[How to complete this task]
Search term "qscale": please copy every line of the records below that contains it.

====== Data in this exercise

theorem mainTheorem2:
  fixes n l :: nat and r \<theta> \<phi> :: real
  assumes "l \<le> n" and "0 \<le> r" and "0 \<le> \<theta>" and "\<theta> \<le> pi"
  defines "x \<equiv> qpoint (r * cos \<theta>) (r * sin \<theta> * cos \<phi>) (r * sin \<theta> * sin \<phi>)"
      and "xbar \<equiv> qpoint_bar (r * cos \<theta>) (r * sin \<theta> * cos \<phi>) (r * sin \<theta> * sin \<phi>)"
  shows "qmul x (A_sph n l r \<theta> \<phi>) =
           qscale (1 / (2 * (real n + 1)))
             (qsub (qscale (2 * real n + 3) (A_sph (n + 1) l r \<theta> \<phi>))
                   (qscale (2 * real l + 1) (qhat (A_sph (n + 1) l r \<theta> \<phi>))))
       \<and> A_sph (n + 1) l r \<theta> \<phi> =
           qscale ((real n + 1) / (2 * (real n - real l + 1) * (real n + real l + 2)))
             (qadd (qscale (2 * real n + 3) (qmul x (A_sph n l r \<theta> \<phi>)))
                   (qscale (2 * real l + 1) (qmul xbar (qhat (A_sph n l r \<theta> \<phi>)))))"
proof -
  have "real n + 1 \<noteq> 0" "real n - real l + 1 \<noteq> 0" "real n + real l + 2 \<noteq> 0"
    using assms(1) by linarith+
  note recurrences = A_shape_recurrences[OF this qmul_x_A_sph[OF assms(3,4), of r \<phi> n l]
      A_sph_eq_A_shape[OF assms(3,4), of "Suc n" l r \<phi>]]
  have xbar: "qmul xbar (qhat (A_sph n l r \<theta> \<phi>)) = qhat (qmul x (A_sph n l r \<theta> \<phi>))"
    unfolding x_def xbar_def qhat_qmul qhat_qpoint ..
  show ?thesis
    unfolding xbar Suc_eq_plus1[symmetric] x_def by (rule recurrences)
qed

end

============
====== Data in this exercise

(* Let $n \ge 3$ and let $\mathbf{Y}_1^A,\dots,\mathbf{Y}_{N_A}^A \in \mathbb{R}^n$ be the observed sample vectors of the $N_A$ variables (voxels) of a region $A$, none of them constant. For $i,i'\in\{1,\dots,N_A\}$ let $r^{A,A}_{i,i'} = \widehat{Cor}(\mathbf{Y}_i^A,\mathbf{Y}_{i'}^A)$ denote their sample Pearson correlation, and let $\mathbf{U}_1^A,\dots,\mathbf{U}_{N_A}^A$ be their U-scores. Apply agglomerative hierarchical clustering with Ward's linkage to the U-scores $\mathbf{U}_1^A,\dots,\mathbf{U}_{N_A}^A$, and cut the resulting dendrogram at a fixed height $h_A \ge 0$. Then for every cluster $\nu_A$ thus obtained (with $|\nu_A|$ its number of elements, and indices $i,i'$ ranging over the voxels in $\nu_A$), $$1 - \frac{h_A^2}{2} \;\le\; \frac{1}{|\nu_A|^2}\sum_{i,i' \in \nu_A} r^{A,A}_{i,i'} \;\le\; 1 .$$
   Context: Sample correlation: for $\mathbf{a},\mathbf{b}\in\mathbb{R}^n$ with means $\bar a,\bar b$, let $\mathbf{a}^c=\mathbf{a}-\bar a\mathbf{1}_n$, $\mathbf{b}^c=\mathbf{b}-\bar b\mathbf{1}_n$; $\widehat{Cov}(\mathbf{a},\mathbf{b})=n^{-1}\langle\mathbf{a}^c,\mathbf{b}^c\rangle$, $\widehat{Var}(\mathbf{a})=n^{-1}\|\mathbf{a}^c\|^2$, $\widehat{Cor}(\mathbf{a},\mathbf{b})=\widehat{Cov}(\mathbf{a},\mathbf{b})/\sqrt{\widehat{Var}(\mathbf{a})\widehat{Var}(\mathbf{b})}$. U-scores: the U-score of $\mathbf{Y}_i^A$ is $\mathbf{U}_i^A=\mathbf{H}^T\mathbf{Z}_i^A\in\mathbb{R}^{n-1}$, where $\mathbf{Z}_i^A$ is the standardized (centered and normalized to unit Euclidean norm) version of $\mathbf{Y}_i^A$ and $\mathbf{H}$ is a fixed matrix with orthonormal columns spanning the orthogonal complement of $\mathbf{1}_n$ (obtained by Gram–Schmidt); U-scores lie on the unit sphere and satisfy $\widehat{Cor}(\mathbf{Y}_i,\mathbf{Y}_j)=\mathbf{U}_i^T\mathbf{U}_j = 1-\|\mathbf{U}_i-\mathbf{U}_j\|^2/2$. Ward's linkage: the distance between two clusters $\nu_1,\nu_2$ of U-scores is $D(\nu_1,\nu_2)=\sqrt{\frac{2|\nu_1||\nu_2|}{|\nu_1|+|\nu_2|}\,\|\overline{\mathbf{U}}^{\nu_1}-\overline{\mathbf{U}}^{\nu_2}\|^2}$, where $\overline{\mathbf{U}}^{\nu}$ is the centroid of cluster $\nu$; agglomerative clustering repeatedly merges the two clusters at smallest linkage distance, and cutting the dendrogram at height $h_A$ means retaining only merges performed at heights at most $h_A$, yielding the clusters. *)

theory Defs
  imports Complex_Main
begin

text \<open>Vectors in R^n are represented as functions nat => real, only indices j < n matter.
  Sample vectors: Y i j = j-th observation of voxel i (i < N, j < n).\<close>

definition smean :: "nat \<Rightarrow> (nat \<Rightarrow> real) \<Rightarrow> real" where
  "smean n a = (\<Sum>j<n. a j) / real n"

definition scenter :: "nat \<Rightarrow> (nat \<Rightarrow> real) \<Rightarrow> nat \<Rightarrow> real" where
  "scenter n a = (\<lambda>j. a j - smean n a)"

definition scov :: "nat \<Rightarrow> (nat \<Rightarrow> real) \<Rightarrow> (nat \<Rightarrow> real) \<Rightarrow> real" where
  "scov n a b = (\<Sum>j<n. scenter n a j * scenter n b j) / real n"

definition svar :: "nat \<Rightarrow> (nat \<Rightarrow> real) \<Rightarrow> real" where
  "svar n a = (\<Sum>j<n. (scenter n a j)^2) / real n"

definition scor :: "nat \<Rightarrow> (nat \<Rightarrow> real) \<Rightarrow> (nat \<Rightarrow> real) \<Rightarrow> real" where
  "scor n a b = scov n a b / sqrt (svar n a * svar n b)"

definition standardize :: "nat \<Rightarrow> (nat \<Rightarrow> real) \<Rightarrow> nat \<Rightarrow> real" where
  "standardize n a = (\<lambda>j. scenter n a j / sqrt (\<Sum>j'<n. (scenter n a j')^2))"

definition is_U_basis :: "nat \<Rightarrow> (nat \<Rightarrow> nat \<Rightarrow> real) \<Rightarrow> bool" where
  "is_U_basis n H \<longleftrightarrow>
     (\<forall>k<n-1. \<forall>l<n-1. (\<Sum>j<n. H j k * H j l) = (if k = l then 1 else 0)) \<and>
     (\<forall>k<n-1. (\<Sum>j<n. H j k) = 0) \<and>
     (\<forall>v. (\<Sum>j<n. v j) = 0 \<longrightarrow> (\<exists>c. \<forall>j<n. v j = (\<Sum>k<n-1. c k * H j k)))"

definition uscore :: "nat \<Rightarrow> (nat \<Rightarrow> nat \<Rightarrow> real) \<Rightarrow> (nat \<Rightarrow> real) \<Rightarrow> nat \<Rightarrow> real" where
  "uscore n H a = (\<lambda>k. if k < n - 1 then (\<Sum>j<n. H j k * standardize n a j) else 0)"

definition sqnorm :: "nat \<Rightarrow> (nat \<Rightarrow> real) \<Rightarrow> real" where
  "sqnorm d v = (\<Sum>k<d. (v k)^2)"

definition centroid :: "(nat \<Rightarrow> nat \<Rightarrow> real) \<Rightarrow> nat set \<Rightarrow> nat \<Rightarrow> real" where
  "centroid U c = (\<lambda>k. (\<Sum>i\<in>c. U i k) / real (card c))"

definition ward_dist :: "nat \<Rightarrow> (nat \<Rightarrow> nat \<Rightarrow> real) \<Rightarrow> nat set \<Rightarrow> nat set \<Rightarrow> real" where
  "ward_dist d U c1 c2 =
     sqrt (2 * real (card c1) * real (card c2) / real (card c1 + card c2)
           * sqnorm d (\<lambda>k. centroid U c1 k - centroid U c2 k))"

============

[Output of the task]
           qscale (1 / (2 * (real n + 1)))
             (qsub (qscale (2 * real n + 3) (A_sph (n + 1) l r \<theta> \<phi>))
                   (qscale (2 * real l + 1) (qhat (A_sph (n + 1) l r \<theta> \<phi>))))
           qscale ((real n + 1) / (2 * (real n - real l + 1) * (real n + real l + 2)))
             (qadd (qscale (2 * real n + 3) (qmul x (A_sph n l r \<theta> \<phi>)))
                   (qscale (2 * real l + 1) (qmul xbar (qhat (A_sph n l r \<theta> \<phi>)))))"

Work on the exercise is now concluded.